# <center>Day-1 Practical Session, 25 May 2021</center>
## <center>Part 2: Bipartite Incidence Graph (BIG) for Adaptive Cluster Sampling (ACS)</center>
#### <center> *Li-Chun Zhang*<sup>1,2,3</sup> and *Melike Oguz-Alper*<sup>2</sup> </center>
  
##### <center> <sup>1</sup>*University of Southampton (L.Zhang@soton.ac.uk)*, <sup>2</sup>*Statistics Norway*, <sup>3</sup>*University of Oslo* </center>
***

### Illustration I: Adaptive Cluster Sampling, a small data set extended from Thompson (1990)

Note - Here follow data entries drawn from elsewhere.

lemma ge_ldu:
  fixes L U :: "nat \<Rightarrow> nat \<Rightarrow> complex"
  assumes L: "unit_lower L" and U: "unit_upper U" and d: "\<forall>l<n. d l \<noteq> 0"
  shows "k \<le> i \<Longrightarrow> k \<le> j \<Longrightarrow> i < n \<Longrightarrow> j < n \<Longrightarrow>
    ge (ldu n L d U) k i j = (\<Sum>l\<in>{k..<n}. L i l * d l * U l j)"
proof (induction k arbitrary: i j)
  case 0
  then show ?case by (simp add: ldu_def atLeast0LessThan)
next
  case (Suc k)
  then have "k < n" "k < i" "k < j" by auto
  have "ge (ldu n L d U) k i j = L i k * d k * U k j + (\<Sum>l\<in>{Suc k..<n}. L i l * d l * U l j)"
    using Suc \<open>k < n\<close> by (simp add: sum.atLeast_Suc_lessThan)
  moreover have "ge (ldu n L d U) k i k = L i k * d k"
    using Suc.IH[of i k] Suc.prems sum_ldu_tail_col[OF U \<open>k < n\<close>] by simp
  moreover have "ge (ldu n L d U) k k j = d k * U k j"
    using Suc.IH[of k j] Suc.prems \<open>k < n\<close> sum_ldu_tail_row[OF L \<open>k < n\<close>] by simp
  moreover have "ge (ldu n L d U) k k k = d k"
    using Suc.IH[of k k] \<open>k < n\<close> sum_ldu_tail_row[OF L \<open>k < n\<close>] unit_upper_diag[OF U] by simp
  \<comment> \<open>the elimination step subtracts exactly the rank-one term l = k of the sum\<close>
  ultimately show ?case
    using \<open>k < i\<close> \<open>k < j\<close> d \<open>k < n\<close> by (simp add: field_simps)
qed

lemma ge_ldu_pivot:
  fixes L U :: "nat \<Rightarrow> nat \<Rightarrow> complex"
  assumes L: "unit_lower L" and U: "unit_upper U" and d: "\<forall>l<n. d l \<noteq> 0" and "k < n"
  shows "ge (ldu n L d U) k k k = d k"
    and "k \<le> i \<Longrightarrow> i < n \<Longrightarrow> ge (ldu n L d U) k i k = L i k * d k"
    and "k \<le> j \<Longrightarrow> j < n \<Longrightarrow> ge (ldu n L d U) k k j = d k * U k j"
  using ge_ldu[OF assms(1-3)] sum_ldu_tail_row[OF L \<open>k < n\<close>] sum_ldu_tail_col[OF U \<open>k < n\<close>]
    unit_upper_diag[OF U] \<open>k < n\<close> by auto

In this illustration, the efficiency of the unbiased estimators of the population mean will be examined under three strategies described below using BIG sampling (BIGS). 

***
#### Description of the population and sampling strategies
* Data set

![ACS_small_dataset.JPG](attachment:1b27da36-7527-4bf7-8406-daee3a0bfe9e.JPG)

* Threshold for adaptive tracing: $y_i\geq5$
* $s_0$ of size: $\mid s_0\mid =2$ selected with SRS
* Strategy I: $\mathcal{B}$, *edge* node $2$ is not used in the estimation if it is observed via its ancestor network; *modified* HTE: 

![Strategy1.JPG](attachment:34cf1820-3a7f-46ec-99c6-e78bc2a85bf2.JPG)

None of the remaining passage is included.